Start of Data records
lemma jm_raw_combination:
  "jm_raw S i (\<lambda>W. a * x W + b * y W) = (\<lambda>W. a * jm_raw S i x W + b * jm_raw S i y W)"
  unfolding jm_raw_def by (rule foldr_lin_combination) auto

(* If v_U, v_V span a T_i-stable plane on which F_i is diagonal, then T_i F_i T_i v_U is given
   by the product of the corresponding 2x2 matrices. *)
lemma jm_raw_Suc_pair:
  assumes i: "1 \<le> i" and S: "finite S" "U \<in> S" "V \<in> S"
    and TU: "Tb i U = (\<lambda>W. a * vb U W + b * vb V W)"
    and TV: "Tb i V = (\<lambda>W. c * vb V W + d * vb U W)"
    and FU: "jm_raw S i (vb U) = (\<lambda>W. eU * vb U W)"
    and FV: "jm_raw S i (vb V) = (\<lambda>W. eV * vb V W)"
  shows "jm_raw S (Suc i) (vb U)
     = (\<lambda>W. (a * eU * a + b * eV * d) * vb U W + (a * eU * b + b * eV * c) * vb V W)"
proof -
  have "jm_raw S i (lin S (Tb i) (vb U)) = (\<lambda>W. (a * eU) * vb U W + (b * eV) * vb V W)"
    using S by (simp add: lin_vb TU jm_raw_combination FU FV algebra_simps)
  hence "jm_raw S (Suc i) (vb U) = (\<lambda>W. (a * eU) * Tb i U W + (b * eV) * Tb i V W)"
    using S by (simp add: jm_raw_Suc[OF i] lin_combination lin_vb)
  also have "\<dots> = (\<lambda>W. (a * eU * a + b * eV * d) * vb U W + (a * eU * b + b * eV * c) * vb V W)"
    by (simp add: TU TV fun_eq_iff algebra_simps)
  finally show ?thesis .
qed

lemma jm_raw_Suc_fixed:
  assumes i: "1 \<le> i" and S: "finite S" "U \<in> S"
    and TU: "Tb i U = (\<lambda>W. c * vb U W)"
    and FU: "jm_raw S i (vb U) = (\<lambda>W. e * vb U W)"
  shows "jm_raw S (Suc i) (vb U) = (\<lambda>W. (c * c * e) * vb U W)"
proof -
  have TU': "Tb i U = (\<lambda>W. c * vb U W + 0 * vb U W)" using TU by simp
  show ?thesis
    using jm_raw_Suc_pair[OF i S(1,2,2) TU' TU' FU FU] by (simp add: algebra_simps)
qed

section \<open>Standard bitableaux of shape (lambda^1, 1^m)\<close>

lemma bicells_iff: "x \<in> bicells lam1 m \<longleftrightarrow>
   (fst x = 1 \<and> fst (snd x) < length lam1 \<and> snd (snd x) < lam1 ! fst (snd x)) \<or>
   (fst x = 2 \<and> fst (snd x) < m \<and> snd (snd x) = 0)"
  by (cases x) (auto simp: bicells_def)

lemma finite_bicells: "finite (bicells lam1 m)"
proof -
  have "bicells lam1 m = (\<lambda>(r, c). (1::nat, r, c)) ` (SIGMA r:{..<length lam1}. {..<lam1 ! r})
      \<union> (\<lambda>r. (2, r, 0)) ` {..<m}"
    by (auto simp: bicells_def image_iff)
  thus ?thesis by simp
qed

lemma finite_std_bitab: "finite (std_bitab n lam1 m)"
proof -
  have "std_bitab n lam1 m \<subseteq> {U. \<forall>k. (k \<in> {1..n} \<longrightarrow> U k \<in> bicells lam1 m)
                                      \<and> (k \<notin> {1..n} \<longrightarrow> U k = (0, 0, 0))}"
    unfolding std_bitab_def by (auto intro: bij_betw_apply)
  moreover have "finite {U. \<forall>k. (k \<in> {1..n} \<longrightarrow> U k \<in> bicells lam1 m)
                                 \<and> (k \<notin> {1..n} \<longrightarrow> U k = (0, 0, 0))}"
    by (rule finite_set_of_finite_funs) (simp_all add: finite_bicells)
  ultimately show ?thesis by (rule finite_subset)
qed

lemma std_cell:
  assumes "U \<in> std_bitab n lam1 m" "k \<in> {1..n}"
  shows "(comp U k = 1 \<and> row U k < length lam1 \<and> col U k < lam1 ! row U k) \<or>
         (comp U k = 2 \<and> row U k < m \<and> col U k = 0)"
proof -
  have "U k \<in> bicells lam1 m"
    using assms bij_betw_apply unfolding std_bitab_def by fastforce
  thus ?thesis by (simp add: bicells_iff comp_def row_def col_def)
qed

lemma std_surj:
  assumes "U \<in> std_bitab n lam1 m" "(j, r, c) \<in> bicells lam1 m"
  obtains k where "k \<in> {1..n}" "comp U k = j" "row U k = r" "col U k = c"
proof -
  have "U ` {1..n} = bicells lam1 m" using assms(1) unfolding std_bitab_def bij_betw_def by simp
  then obtain k where "k \<in> {1..n}" "U k = (j, r, c)" using assms(2) by (metis imageE)
  thus ?thesis using that by (simp add: comp_def row_def col_def)
qed

lemma std_inj:
  assumes "U \<in> std_bitab n lam1 m" "a \<in> {1..n}" "b \<in> {1..n}"
    "comp U a = comp U b" "row U a = row U b" "col U a = col U b"
  shows "a = b"
proof -
  have "inj_on U {1..n}" using assms(1) unfolding std_bitab_def bij_betw_def by simp
  moreover have "U a = U b"
    using assms(4-6) by (simp add: comp_def row_def col_def prod_eq_iff)
  ultimately show ?thesis using assms(2,3) by (rule inj_onD)
qed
End of Data records
» **Exercise instructions**
Which of the lines above carry the string "where"? Copy every one.

» **Expected answer**
  obtains k where "k \<in> {1..n}" "comp U k = j" "row U k = r" "col U k = c"
  then obtain k where "k \<in> {1..n}" "U k = (j, r, c)" using assms(2) by (metis imageE)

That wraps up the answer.